# WHAT THE TASK REQUIRES
For the word "ultimately", determine how many lines of the entries below contain it, and give only that number.

# GIVEN INFORMATION
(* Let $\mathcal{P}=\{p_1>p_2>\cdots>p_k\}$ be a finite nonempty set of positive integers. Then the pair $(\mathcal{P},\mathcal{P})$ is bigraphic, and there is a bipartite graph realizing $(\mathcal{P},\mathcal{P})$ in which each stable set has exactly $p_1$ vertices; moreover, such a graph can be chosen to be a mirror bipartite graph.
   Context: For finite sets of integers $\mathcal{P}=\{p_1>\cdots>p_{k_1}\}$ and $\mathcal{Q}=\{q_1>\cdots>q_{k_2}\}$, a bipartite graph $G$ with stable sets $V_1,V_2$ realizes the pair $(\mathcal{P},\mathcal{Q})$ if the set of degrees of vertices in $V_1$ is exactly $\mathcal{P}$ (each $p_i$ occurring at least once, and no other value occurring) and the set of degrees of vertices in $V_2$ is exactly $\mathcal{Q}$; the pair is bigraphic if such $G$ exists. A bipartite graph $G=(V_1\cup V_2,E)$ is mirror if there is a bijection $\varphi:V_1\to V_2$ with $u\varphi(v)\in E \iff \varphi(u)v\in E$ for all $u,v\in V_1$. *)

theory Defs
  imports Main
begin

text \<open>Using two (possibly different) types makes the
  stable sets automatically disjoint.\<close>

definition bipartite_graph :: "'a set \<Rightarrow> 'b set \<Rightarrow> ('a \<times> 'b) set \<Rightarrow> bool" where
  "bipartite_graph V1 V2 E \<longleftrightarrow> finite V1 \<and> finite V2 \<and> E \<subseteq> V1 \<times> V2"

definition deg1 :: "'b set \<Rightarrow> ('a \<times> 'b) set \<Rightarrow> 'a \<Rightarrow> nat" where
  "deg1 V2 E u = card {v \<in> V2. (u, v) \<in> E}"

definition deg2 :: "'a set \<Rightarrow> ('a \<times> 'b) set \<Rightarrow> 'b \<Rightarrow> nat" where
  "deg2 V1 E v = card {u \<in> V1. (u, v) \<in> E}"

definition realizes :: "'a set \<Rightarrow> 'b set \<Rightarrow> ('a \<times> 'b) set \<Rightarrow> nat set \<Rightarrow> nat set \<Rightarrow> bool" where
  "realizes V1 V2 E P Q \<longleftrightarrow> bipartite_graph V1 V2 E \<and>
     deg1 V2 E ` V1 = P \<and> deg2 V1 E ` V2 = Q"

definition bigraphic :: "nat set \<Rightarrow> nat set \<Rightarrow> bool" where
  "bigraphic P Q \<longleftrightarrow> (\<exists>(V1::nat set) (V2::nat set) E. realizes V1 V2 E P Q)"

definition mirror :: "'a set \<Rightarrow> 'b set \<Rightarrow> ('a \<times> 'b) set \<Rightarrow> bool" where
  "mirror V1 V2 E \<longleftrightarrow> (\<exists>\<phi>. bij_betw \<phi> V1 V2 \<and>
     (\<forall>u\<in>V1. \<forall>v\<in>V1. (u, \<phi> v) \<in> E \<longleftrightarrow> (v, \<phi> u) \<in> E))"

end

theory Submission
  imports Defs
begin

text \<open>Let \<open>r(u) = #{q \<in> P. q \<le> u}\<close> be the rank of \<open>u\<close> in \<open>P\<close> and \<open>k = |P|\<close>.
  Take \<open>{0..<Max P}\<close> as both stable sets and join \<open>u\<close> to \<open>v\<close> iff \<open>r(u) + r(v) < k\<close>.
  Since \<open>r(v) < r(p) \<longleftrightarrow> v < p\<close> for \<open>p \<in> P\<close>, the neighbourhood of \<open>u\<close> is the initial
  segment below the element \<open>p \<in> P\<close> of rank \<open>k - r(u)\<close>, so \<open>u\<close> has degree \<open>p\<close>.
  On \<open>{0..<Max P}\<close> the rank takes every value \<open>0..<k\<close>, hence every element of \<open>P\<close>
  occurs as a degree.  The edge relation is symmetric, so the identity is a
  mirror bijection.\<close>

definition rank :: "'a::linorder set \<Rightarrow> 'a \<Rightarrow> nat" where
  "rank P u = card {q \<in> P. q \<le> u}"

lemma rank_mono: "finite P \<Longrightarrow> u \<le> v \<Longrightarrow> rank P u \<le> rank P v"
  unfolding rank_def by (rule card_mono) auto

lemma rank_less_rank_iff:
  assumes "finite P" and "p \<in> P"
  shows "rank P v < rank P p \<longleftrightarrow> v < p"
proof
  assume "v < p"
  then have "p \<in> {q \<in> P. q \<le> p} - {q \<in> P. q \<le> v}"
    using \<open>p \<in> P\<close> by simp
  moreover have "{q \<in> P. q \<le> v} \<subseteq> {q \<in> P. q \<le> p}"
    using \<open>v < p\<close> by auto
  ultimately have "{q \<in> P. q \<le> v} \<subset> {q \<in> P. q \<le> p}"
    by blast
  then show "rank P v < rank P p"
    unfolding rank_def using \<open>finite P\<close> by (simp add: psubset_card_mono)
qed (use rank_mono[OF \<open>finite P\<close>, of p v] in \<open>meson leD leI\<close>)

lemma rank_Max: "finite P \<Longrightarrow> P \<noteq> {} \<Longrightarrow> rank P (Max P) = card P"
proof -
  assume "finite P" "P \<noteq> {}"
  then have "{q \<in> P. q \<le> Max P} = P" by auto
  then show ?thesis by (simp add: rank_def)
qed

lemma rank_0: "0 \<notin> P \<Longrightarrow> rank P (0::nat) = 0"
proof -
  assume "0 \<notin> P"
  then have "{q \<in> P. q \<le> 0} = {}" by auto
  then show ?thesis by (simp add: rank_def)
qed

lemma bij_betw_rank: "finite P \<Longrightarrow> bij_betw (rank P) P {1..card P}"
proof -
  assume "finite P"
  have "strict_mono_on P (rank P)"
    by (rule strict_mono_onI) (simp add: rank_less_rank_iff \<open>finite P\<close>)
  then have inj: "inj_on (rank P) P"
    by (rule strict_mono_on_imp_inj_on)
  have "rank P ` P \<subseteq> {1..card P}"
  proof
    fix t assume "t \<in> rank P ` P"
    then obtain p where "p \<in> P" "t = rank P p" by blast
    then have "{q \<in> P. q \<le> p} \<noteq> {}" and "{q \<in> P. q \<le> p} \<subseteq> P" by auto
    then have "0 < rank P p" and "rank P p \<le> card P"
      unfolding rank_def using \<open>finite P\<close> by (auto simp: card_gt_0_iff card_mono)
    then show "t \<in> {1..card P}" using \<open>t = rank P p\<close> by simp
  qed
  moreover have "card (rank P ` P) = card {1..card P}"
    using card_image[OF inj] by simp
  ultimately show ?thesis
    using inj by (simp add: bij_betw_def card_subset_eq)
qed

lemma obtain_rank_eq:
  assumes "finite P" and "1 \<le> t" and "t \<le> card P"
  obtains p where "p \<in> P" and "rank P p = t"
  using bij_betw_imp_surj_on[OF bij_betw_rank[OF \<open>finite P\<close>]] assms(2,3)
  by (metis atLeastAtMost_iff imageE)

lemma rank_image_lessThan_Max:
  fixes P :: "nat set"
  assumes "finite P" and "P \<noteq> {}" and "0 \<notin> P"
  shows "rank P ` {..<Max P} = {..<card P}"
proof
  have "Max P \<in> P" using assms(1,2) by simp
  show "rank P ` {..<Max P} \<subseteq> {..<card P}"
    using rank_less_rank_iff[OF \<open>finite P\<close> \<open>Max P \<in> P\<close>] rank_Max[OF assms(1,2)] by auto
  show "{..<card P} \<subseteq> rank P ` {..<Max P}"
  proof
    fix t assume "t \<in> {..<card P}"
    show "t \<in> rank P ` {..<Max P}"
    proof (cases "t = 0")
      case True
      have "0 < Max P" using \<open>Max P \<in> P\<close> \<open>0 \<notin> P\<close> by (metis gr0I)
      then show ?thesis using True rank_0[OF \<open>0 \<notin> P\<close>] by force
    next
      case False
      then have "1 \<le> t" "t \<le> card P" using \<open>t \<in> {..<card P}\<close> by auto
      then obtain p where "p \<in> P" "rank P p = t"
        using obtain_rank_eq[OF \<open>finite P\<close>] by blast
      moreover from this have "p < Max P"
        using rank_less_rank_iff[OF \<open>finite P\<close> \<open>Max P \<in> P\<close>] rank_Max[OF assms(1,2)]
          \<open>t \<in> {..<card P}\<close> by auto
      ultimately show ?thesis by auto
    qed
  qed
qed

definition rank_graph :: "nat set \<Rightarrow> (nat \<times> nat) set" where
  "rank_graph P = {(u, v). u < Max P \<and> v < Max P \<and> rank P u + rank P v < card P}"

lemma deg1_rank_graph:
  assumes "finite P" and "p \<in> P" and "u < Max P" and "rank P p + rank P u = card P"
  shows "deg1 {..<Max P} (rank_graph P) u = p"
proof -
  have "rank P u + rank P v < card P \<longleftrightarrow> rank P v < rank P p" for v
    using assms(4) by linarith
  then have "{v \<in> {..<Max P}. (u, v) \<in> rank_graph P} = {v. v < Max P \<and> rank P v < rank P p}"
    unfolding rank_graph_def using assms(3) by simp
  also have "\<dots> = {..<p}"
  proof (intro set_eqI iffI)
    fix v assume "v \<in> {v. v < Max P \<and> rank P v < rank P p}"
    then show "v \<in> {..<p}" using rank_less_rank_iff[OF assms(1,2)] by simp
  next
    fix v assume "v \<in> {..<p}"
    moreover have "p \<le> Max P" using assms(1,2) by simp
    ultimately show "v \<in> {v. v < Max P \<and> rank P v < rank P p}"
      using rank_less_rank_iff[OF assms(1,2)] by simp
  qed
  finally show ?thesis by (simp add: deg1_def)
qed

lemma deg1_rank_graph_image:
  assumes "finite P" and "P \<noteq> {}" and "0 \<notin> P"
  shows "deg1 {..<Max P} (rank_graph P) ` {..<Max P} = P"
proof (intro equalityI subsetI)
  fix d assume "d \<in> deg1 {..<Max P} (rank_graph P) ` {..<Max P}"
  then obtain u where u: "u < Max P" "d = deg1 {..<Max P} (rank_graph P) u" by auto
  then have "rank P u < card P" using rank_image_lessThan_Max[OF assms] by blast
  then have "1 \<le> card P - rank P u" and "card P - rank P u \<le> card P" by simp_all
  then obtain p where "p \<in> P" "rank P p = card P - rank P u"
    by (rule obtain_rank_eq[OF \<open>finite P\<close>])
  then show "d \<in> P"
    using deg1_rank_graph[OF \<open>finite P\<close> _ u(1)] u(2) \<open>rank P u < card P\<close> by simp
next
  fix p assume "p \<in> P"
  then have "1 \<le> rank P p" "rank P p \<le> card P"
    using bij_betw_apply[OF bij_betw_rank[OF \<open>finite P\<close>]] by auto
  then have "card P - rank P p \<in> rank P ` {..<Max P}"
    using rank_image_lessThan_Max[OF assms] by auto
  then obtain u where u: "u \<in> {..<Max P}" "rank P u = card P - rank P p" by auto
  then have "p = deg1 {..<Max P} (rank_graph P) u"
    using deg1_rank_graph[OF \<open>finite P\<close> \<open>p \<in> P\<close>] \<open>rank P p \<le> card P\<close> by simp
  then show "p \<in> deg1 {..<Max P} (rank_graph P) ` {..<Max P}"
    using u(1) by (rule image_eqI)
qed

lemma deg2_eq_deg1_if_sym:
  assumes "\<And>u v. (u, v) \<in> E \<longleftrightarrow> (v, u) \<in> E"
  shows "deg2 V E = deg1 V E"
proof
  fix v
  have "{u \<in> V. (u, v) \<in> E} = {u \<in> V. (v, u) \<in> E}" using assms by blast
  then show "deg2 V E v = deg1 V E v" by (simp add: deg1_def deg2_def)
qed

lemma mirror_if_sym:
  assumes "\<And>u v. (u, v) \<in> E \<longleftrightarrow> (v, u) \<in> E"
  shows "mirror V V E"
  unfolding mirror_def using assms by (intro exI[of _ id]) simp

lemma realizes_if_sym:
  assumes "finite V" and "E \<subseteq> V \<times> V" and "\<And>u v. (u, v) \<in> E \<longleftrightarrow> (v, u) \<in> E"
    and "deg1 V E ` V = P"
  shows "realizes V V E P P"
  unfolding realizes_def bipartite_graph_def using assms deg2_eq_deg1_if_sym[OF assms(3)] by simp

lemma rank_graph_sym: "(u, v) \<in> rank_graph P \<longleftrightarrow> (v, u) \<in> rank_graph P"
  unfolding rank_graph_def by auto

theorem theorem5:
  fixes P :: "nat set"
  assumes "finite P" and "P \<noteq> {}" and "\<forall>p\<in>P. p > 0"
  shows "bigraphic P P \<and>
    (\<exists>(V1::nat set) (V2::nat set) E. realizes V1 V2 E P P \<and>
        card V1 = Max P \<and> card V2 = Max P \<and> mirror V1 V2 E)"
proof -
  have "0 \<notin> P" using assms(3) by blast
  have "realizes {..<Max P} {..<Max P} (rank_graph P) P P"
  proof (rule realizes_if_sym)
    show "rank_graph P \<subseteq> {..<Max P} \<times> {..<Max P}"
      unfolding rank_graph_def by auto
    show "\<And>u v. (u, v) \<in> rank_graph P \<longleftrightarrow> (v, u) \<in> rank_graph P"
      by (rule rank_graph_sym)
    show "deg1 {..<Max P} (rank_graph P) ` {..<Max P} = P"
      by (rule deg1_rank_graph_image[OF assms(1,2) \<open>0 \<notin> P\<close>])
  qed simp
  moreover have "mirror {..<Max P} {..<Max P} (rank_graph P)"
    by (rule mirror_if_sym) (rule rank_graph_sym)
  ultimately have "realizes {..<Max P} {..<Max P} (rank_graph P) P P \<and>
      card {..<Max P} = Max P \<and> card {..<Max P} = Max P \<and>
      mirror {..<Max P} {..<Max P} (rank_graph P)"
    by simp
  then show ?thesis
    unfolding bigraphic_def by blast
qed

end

# EXERCISE SOLUTION
5